Ева Рехтель-Мертенс переводит слово «ласки» («caresses») в первых двух случаях употребления через немецкое слово «Zarlichkeiten», которое соотносится скорее со словом «нежности» («tendresses»), входящим в состав более обширного семантического поля 501 , тогда как Беньямин переводит буквально: «Und es macht einen resend, diese Liebkosungen nicht von der Frau selbtst vollenden lassen zu konnen» 502 . Переводить так, как переводит Ева Рехтель-Мертенс, теряя из виду букву, – значит терять как раз эротизм прустовского текста, значит выйти за рамки игры, которая завязывается на грани непристойности или порнографии, возбуждая воображение читателя. Перевод Беньямина остается верен силе желания, циркулирующего в тексте, и, как мы показали в другой работе 503 , тем самым он сохраняет это всеприсутствие смерти, характерное для романа Пруста. Такая верность, предоставляющая более надежный доступ к тексту, основывается, как известно, на теоретической концепции, имеющей капитальное значение для истории перевода.
500
Proust M. A la recherche du temps perdu.
501
Proust M. Die Welt der Guermantes II / Deutsch von E. Rechel-Mertens. Frankfurt am M., 1959. S. 510.
502
Proust M. Guermantes. Frankfurt a. M., 1987 (1`ere 'ed. Piper R. M"unchen, 1930). S. 380.
503
См.: Kahn R. Images, passages, Marcel Proust et Walter Benjamin. Paris, 1998. Одна из глав посвящена переводу.
«Задача переводчика» – это предисловие к переводу «Парижских картин», осуществленному Беньямином в начале 1920-х годов. В наши дни этот текст приобрел статус «канонического». Сложность самой мысли, а также синтаксиса беньяминовской фразы неоднократно приводили к неверным толкованиям этого текста. В первом французском переводе «непереводимым» называлось то, что сам Беньямин полагал «в высшей степени переводимым» – «ubersetzbar schlechthin»: «Wo der Text unmittelbar, ohne vermittelnden Sinn, in seiner Wortlichkeit der wahren Sprache, der Wahrheit, oder der Lehre angehort, ist er ubersetzbar schlechthin» 504 . – «Там, где текст непосредственно, в своей буквальности, без вмешательства смысла соотносится с истинным языком, с истиной или учением, он является абсолютно переводимым» 505 . «Schlechthin»: «абсолютно» или, скорее, «в высшей степени». Из этого положения «в высшей степени» мы и будем исходить.
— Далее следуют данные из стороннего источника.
text \<open>Stein's identity along one coordinate for a radial shrinkage field
  \<open>y \<mapsto> \<phi>(\<parallel>y\<parallel>\<^sup>2) y\<close>: the \<open>i\<close>-th partial derivative of its \<open>i\<close>-th component is
  \<open>\<phi>(\<parallel>y\<parallel>\<^sup>2) + 2 \<phi>'(\<parallel>y\<parallel>\<^sup>2) y\<^sub>i\<^sup>2\<close>.  Resampling the \<open>i\<close>-th coordinate reduces it to
  the one-dimensional identity.\<close>
lemma stein_radial_coordinate:
  fixes \<phi> \<phi>' :: "real \<Rightarrow> real" and \<mu> :: "real^'n::finite" and i :: 'n
  assumes cont: "continuous_on UNIV \<phi>" and S: "finite S"
    and deriv: "\<And>t. t \<notin> S \<Longrightarrow> (\<phi> has_real_derivative \<phi>' t) (at t)"
    and [measurable]: "\<phi>' \<in> borel_measurable borel"
    and bound: "\<And>t. \<bar>\<phi> t\<bar> \<le> K" and deriv_bound: "\<And>t. 0 \<le> t \<Longrightarrow> \<bar>t * \<phi>' t\<bar> \<le> K'"
  defines "D \<equiv> \<lambda>y. \<phi> ((norm y)\<^sup>2) + 2 * \<phi>' ((norm y)\<^sup>2) * (y $ i)\<^sup>2"
  shows "integrable std_gauss (\<lambda>z. z $ i * (\<phi> ((norm (\<mu> + z))\<^sup>2) * (\<mu> + z) $ i))"
    and "integrable std_gauss (\<lambda>z. D (\<mu> + z))"
    and "(\<integral>z. z $ i * (\<phi> ((norm (\<mu> + z))\<^sup>2) * (\<mu> + z) $ i) \<partial>std_gauss) = (\<integral>z. D (\<mu> + z) \<partial>std_gauss)"
proof -
  have [measurable]: "\<phi> \<in> borel_measurable borel"
    by (rule borel_measurable_continuous_onI[OF cont])
  have K: "0 \<le> K"
    using bound[of 0] by linarith
  have D_bound: "\<bar>\<phi> (a + u\<^sup>2) + 2 * \<phi>' (a + u\<^sup>2) * u\<^sup>2\<bar> \<le> K + 2 * K'" if "0 \<le> a" for a u
  proof -
    have "\<bar>\<phi>' (a + u\<^sup>2) * u\<^sup>2\<bar> \<le> \<bar>(a + u\<^sup>2) * \<phi>' (a + u\<^sup>2)\<bar>"
      using that by (simp add: abs_mult mult.commute mult_right_mono)
    also have "\<dots> \<le> K'"
      using that by (intro deriv_bound) simp
    finally have "\<bar>2 * \<phi>' (a + u\<^sup>2) * u\<^sup>2\<bar> \<le> 2 * K'"
      by (simp add: abs_mult)
    then show ?thesis
      using bound[of "a + u\<^sup>2"] abs_triangle_ineq[of "\<phi> (a + u\<^sup>2)" "2 * \<phi>' (a + u\<^sup>2) * u\<^sup>2"]
      by linarith
  qed
  text \<open>The one-dimensional identity, for the other coordinates frozen.\<close>
  have stein1: "(\<integral>t. t * (\<phi> (a + (b + t)\<^sup>2) * (b + t)) \<partial>std_normal)
      = (\<integral>t. \<phi> (a + (b + t)\<^sup>2) + 2 * \<phi>' (a + (b + t)\<^sup>2) * (b + t)\<^sup>2 \<partial>std_normal)"
    if "0 \<le> a" for a b
  proof (rule stein_lemma(3))
    show "finite {t. a + (b + t)\<^sup>2 \<in> S}"
      by (rule finite_shifted_square_preimage[OF S])
    show "continuous_on UNIV (\<lambda>t. \<phi> (a + (b + t)\<^sup>2) * (b + t))"
      by (intro continuous_intros continuous_on_compose2[OF cont]) auto
    show "((\<lambda>t. \<phi> (a + (b + t)\<^sup>2) * (b + t)) has_real_derivative
        \<phi> (a + (b + t)\<^sup>2) + 2 * \<phi>' (a + (b + t)\<^sup>2) * (b + t)\<^sup>2) (at t)"
      if "t \<notin> {t. a + (b + t)\<^sup>2 \<in> S}" for t
      using that by (auto intro!: derivative_eq_intros DERIV_chain2[OF deriv] simp: power2_eq_square algebra_simps)
    show "\<bar>\<phi> (a + (b + t)\<^sup>2) + 2 * \<phi>' (a + (b + t)\<^sup>2) * (b + t)\<^sup>2\<bar> \<le> K + 2 * K'" for t
      by (rule D_bound[OF that])
    show "\<bar>\<phi> (a + (b + t)\<^sup>2) * (b + t)\<bar> \<le> K * \<bar>b\<bar> + K * \<bar>t\<bar>" for t
    proof -
      have "\<bar>\<phi> (a + (b + t)\<^sup>2) * (b + t)\<bar> \<le> K * (\<bar>b\<bar> + \<bar>t\<bar>)"
        unfolding abs_mult by (rule mult_mono[OF bound abs_triangle_ineq K]) simp
      then show ?thesis
        by (simp only: distrib_left)
    qed
  qed (use K in simp_all)
  have D_bound': "\<bar>D y\<bar> \<le> K + 2 * K'" for y
    using D_bound[of "(norm y)\<^sup>2 - (y $ i)\<^sup>2" "y $ i"] coord_sq_le_norm_sq[of y i]
    unfolding D_def by simp
  show int1: "integrable std_gauss (\<lambda>z. z $ i * (\<phi> ((norm (\<mu> + z))\<^sup>2) * (\<mu> + z) $ i))"
  proof (rule integrable_std_gauss_quadratic[where C="2 * K * (\<mu> $ i)\<^sup>2" and D="3 * K"])
    fix z :: "real^'n"
    have "\<bar>z $ i\<bar> * \<bar>\<mu> $ i + z $ i\<bar> \<le> 2 * (\<mu> $ i)\<^sup>2 + 3 * (z $ i)\<^sup>2"
      using abs_mult_shift_le[of "z $ i" "\<mu> $ i"] by (simp add: add.commute)
    also have "\<dots> \<le> 2 * (\<mu> $ i)\<^sup>2 + 3 * (norm z)\<^sup>2"
      using coord_sq_le_norm_sq[of z i] by simp
    finally have "\<bar>\<phi> ((norm (\<mu> + z))\<^sup>2)\<bar> * (\<bar>z $ i\<bar> * \<bar>\<mu> $ i + z $ i\<bar>) \<le> K * (2 * (\<mu> $ i)\<^sup>2 + 3 * (norm z)\<^sup>2)"
      by (rule mult_mono[OF bound]) (use K in simp_all)
    moreover have "\<bar>z $ i * (\<phi> ((norm (\<mu> + z))\<^sup>2) * (\<mu> + z) $ i)\<bar>
        = \<bar>\<phi> ((norm (\<mu> + z))\<^sup>2)\<bar> * (\<bar>z $ i\<bar> * \<bar>\<mu> $ i + z $ i\<bar>)"
      by (simp add: abs_mult)
    ultimately show "\<bar>z $ i * (\<phi> ((norm (\<mu> + z))\<^sup>2) * (\<mu> + z) $ i)\<bar> \<le> 2 * K * (\<mu> $ i)\<^sup>2 + 3 * K * (norm z)\<^sup>2"
      by (simp add: distrib_left)
  qed simp
  show int2: "integrable std_gauss (\<lambda>z. D (\<mu> + z))"
  proof (rule integrable_std_gauss_quadratic[where C="K + 2 * K'" and D=0])
    show "\<bar>D (\<mu> + z)\<bar> \<le> K + 2 * K' + 0 * (norm z)\<^sup>2" for z
      using D_bound' by simp
  qed (simp add: D_def)
  define a where "a z = (norm (\<mu> + z))\<^sup>2 - ((\<mu> + z) $ i)\<^sup>2" for z :: "real^'n"
  have a: "0 \<le> a z" for z
    unfolding a_def using coord_sq_le_norm_sq[of "\<mu> + z" i] by simp
  have resampled: "(norm (\<mu> + vec_upd z i t))\<^sup>2 = a z + (\<mu> $ i + t)\<^sup>2"
    "(\<mu> + vec_upd z i t) $ i = \<mu> $ i + t" for z t
  proof -
    have "\<mu> + vec_upd z i t = vec_upd (\<mu> + z) i (\<mu> $ i + t)"
      by (simp add: vec_eq_iff)
    then show "(norm (\<mu> + vec_upd z i t))\<^sup>2 = a z + (\<mu> $ i + t)\<^sup>2"
      by (simp add: norm_vec_upd a_def)
  qed simp
  have "(\<integral>z. z $ i * (\<phi> ((norm (\<mu> + z))\<^sup>2) * (\<mu> + z) $ i) \<partial>std_gauss)
      = (\<integral>z. (\<integral>t. t * (\<phi> (a z + (\<mu> $ i + t)\<^sup>2) * (\<mu> $ i + t)) \<partial>std_normal) \<partial>std_gauss)"
    unfolding resample_integral(1)[OF int1, where i=i] resampled by simp
  also have "\<dots> = (\<integral>z. (\<integral>t. D (\<mu> + vec_upd z i t) \<partial>std_normal) \<partial>std_gauss)"
    unfolding D_def resampled stein1[OF a] ..
  also have "\<dots> = (\<integral>z. D (\<mu> + z) \<partial>std_gauss)"
    by (rule resample_integral(1)[OF int2, where i=i, symmetric])
  finally show "(\<integral>z. z $ i * (\<phi> ((norm (\<mu> + z))\<^sup>2) * (\<mu> + z) $ i) \<partial>std_gauss) = (\<integral>z. D (\<mu> + z) \<partial>std_gauss)" .
qed

definition js_shrink :: "real \<Rightarrow> real \<Rightarrow> real" where
  "js_shrink c t = c / max t c"

definition js_shrink' :: "real \<Rightarrow> real \<Rightarrow> real" where
  "js_shrink' c t = (if t \<le> c then 0 else - c / t\<^sup>2)"

lemma js_shrink_measurable [measurable]: "js_shrink c \<in> borel_measurable borel"
  unfolding js_shrink_def by measurable

lemma js_shrink'_measurable [measurable]: "js_shrink' c \<in> borel_measurable borel"
  unfolding js_shrink'_def by measurable

lemma js_shrink_le: "0 < c \<Longrightarrow> t \<le> c \<Longrightarrow> js_shrink c t = 1"
  unfolding js_shrink_def by (simp add: max_def)

lemma js_shrink_gt: "0 < c \<Longrightarrow> c < t \<Longrightarrow> js_shrink c t = c / t"
  unfolding js_shrink_def by (simp add: max_def)

lemma js_shrink_bound: "0 < c \<Longrightarrow> \<bar>js_shrink c t\<bar> \<le> 1"
  unfolding js_shrink_def by (auto simp: divide_le_eq_1)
В тексте Беньямина описывается не что иное, как условия возможности встречи, соприкосновения двух языков – через посредничество литературного произведения. Среди сети метафор, используемых Беньямином в его эссе, обратим внимание прежде всего на те, что имеют эротические коннотации: насколько нам известно, такого анализа еще не проводилось. Например, Беньямин пишет: «Конечная цель перевода заключается в выражении самого интимного отношения между языками»: «das innerste Verhaltnis der Schpachen zueinander» 506 . Он сам истолковывает и дает продолжение этому образу, различая четыре глагола: «Для него самого [языка] невозможно обнаружить, создать это скрытое отношение, он может лишь его представить, осуществляя его в зародыше или через насыщение». Иначе говоря, имеет место опосредование, эффект вторичности, представление отношения между двумя текстами, двумя языками. Само слово «отношение» – «Verhaltnis» – обладает в немецком языке (равно как и во французском) эротическими, сексуальными коннотациями: словом, в переводе языки вступают в интимные, любовные отношения. В тексте Беньямина эта коннотация усиливается через использование превосходной степени – «innerste» – «самое интимное», «сокровенное». Вот в чем заключается позитивная сторона послевавилонской ситуации: рассеяние языков обуславливает возможность существования другого, стало быть, возможность возжелания другого, возможность им «обладать» в том смысле, в котором употребляли этот глагол Пруст и Лакан, то есть с сознанием невозможности действительного обладания.
504
Benjamin W. G.S. IV.1. S. 21.
505
Benjamin W. OEuvres I / Trad. de M. de Gandillac, revue par R. Rochlitz. Paris, 2000. Р. 261.
506
Ibid. Р. 248.
Однако Грехопадение привело к исчезновению прямого доступа к интимности другого языка: нельзя более «творить», можно лишь «представлять» творение. Эта идея об интимных отношениях между языками основывается на известном мессианском постулате, заключенном в самом сердце мысли Беньямина. Перевод – во всяком случае, такой перевод, который уклоняется от задач заурядной и простой «коммуникации», отвергаемой Беньямином по причине ее порочных связей с буржуазным обществом, – выводит переводчика на путь к «reine Sprache», чистому, первоисходному, доадамову языку, тоска по которому пронизывает все тексты Беньямина, начиная с известного наброска 1916 года «О языке вообще…» и заканчивая «Тезисами о философии истории», включая, разумеется, и «Берлинское детство». Этот изначальный, чистый язык является, конечно, языком андрогинным, неким абсолютом, к которому устремляется каждый достойный сего имени перевод. Исходя из этой мессианской точки зрения и наперекор научной доксе, которая управляет всеми коммерческими, коммуницирующими переводами и согласно которой всякий перевод представляет собой некую потерю по отношению к оригиналу, Беньямин утверждает, что всякий перевод есть приобретение, выигрыш постольку, поскольку он знаменует собой продвижение к чистому языку – именно в силу того, что всякий перевод вторичен:
В переводе оригинал растет и возвышается в, так сказать, более чистой и более высокой атмосфере речи… в направлении которой – с поистине чудодейственным проникновением – он делает знак, указывающий на то благословенное и заповедное место, где языки найдут примирение и осуществление 507 .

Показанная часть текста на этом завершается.